Yeo said in a statement that he chose this “ambiguous natural green background, as if he might be emerging from one of the many habitats he has captured on film during his career.”
“It was a tremendous honour to be elected a fellow of the Royal Society over 40 years ago and that my portrait has now been painted by such a master as Jonathan Yeo for the Society’s extensive and important collection is extraordinary indeed,” Attenborough said in a statement.
The portrait was unveiled in a private ceremony with Attenborough and Royal Society president Sir Adrian Smith on June 25, and then on the BBC through a studio interview with the artist.
The prominent portrait artist has built a long reputation for painting royal figures and other notable celebrities, including Queen Camila, Prince Philip, former prime minister Tony Blair, Rupert Murdoch, and Damien Hirst.
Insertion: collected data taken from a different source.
lemma second_difference_mvt:
  assumes "0 < h"
    and df: "\<And>s t. s \<in> {0..h} \<Longrightarrow> t \<in> {0..h} \<Longrightarrow>
      f differentiable at (p + s *\<^sub>R axis i 1 + t *\<^sub>R axis j 1)"
    and dfi: "\<And>s t. s \<in> {0..h} \<Longrightarrow> t \<in> {0..h} \<Longrightarrow>
      pd i f differentiable at (p + s *\<^sub>R axis i 1 + t *\<^sub>R axis j 1)"
  obtains \<xi> \<eta> where "\<xi> \<in> {0<..<h}" "\<eta> \<in> {0<..<h}"
    "second_difference f i j p h = h\<^sup>2 * pd j (pd i f) (p + \<xi> *\<^sub>R axis i 1 + \<eta> *\<^sub>R axis j 1)"
proof -
  let ?e\<^sub>i = "axis i (1::real)" and ?e\<^sub>j = "axis j (1::real)"
  have swap: "p + t *\<^sub>R ?e\<^sub>j + s *\<^sub>R ?e\<^sub>i = p + s *\<^sub>R ?e\<^sub>i + t *\<^sub>R ?e\<^sub>j" for s t
    by (simp add: add_ac)
  have "\<exists>\<xi>. 0 < \<xi> \<and> \<xi> < h \<and>
      (f (p + h *\<^sub>R ?e\<^sub>j + h *\<^sub>R ?e\<^sub>i) - f (p + h *\<^sub>R ?e\<^sub>i))
        - (f (p + h *\<^sub>R ?e\<^sub>j + 0 *\<^sub>R ?e\<^sub>i) - f (p + 0 *\<^sub>R ?e\<^sub>i))
      = (h - 0) * (pd i f (p + h *\<^sub>R ?e\<^sub>j + \<xi> *\<^sub>R ?e\<^sub>i) - pd i f (p + \<xi> *\<^sub>R ?e\<^sub>i))"
    using df[of _ h] df[of _ 0] \<open>0 < h\<close>
    by (intro MVT2 DERIV_diff has_real_derivative_pd_along_axis) (auto simp: swap)
  then obtain \<xi> where \<xi>: "\<xi> \<in> {0<..<h}"
    and first_mvt: "second_difference f i j p h
      = h * (pd i f (p + \<xi> *\<^sub>R ?e\<^sub>i + h *\<^sub>R ?e\<^sub>j) - pd i f (p + \<xi> *\<^sub>R ?e\<^sub>i + 0 *\<^sub>R ?e\<^sub>j))"
    by (auto simp: second_difference_def swap)
  have "\<exists>\<eta>. 0 < \<eta> \<and> \<eta> < h \<and>
      pd i f (p + \<xi> *\<^sub>R ?e\<^sub>i + h *\<^sub>R ?e\<^sub>j) - pd i f (p + \<xi> *\<^sub>R ?e\<^sub>i + 0 *\<^sub>R ?e\<^sub>j)
      = (h - 0) * pd j (pd i f) (p + \<xi> *\<^sub>R ?e\<^sub>i + \<eta> *\<^sub>R ?e\<^sub>j)"
    using dfi[of \<xi>] \<xi> \<open>0 < h\<close>
    by (intro MVT2 has_real_derivative_pd_along_axis) auto
  then obtain \<eta> where "\<eta> \<in> {0<..<h}"
    and "pd i f (p + \<xi> *\<^sub>R ?e\<^sub>i + h *\<^sub>R ?e\<^sub>j) - pd i f (p + \<xi> *\<^sub>R ?e\<^sub>i + 0 *\<^sub>R ?e\<^sub>j)
      = h * pd j (pd i f) (p + \<xi> *\<^sub>R ?e\<^sub>i + \<eta> *\<^sub>R ?e\<^sub>j)"
    by auto
  with \<xi> first_mvt show ?thesis
    by (intro that) (auto simp: power2_eq_square)
qed

lemma dist_axis_steps:
  "dist (p + s *\<^sub>R axis i 1 + t *\<^sub>R axis j 1) p \<le> \<bar>s\<bar> + \<bar>t\<bar>" for p :: "real^'n"
  using norm_triangle_ineq[of "s *\<^sub>R axis i (1::real)" "t *\<^sub>R axis j 1"]
  by (simp add: dist_norm add.assoc)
Members of the public interested in seeing the painting of Attenborough will be able to view it at the Royal Society starting on July 2 as part of the national science academy’s summer science exhibition.
Yeo recently made headlines for his official portrait of King Charles III, which was widely panned. The seven-and-a half-foot-tall painting portrays the monarch in the uniform of the Welsh Guards, holding a sword in his hand and directly facing the viewer. Most of the painting, except for the King’s pensive face and hands, are detailed in an array of mottled reds and pinks. There is a monarch butterfly above the King’s left shoulder.
Writer Danielle Cohen suggested in the Cut that “Charles’s face is like a disembodied specter of death floating between violent brushstrokes.” Opinions on social media were even more blunt, with some saying that the work seemed to represent the “Archdemon of Hell” or Satan, or that Charles was “bathing in blood” or “surrounded by the spilled blood of the British Empire.”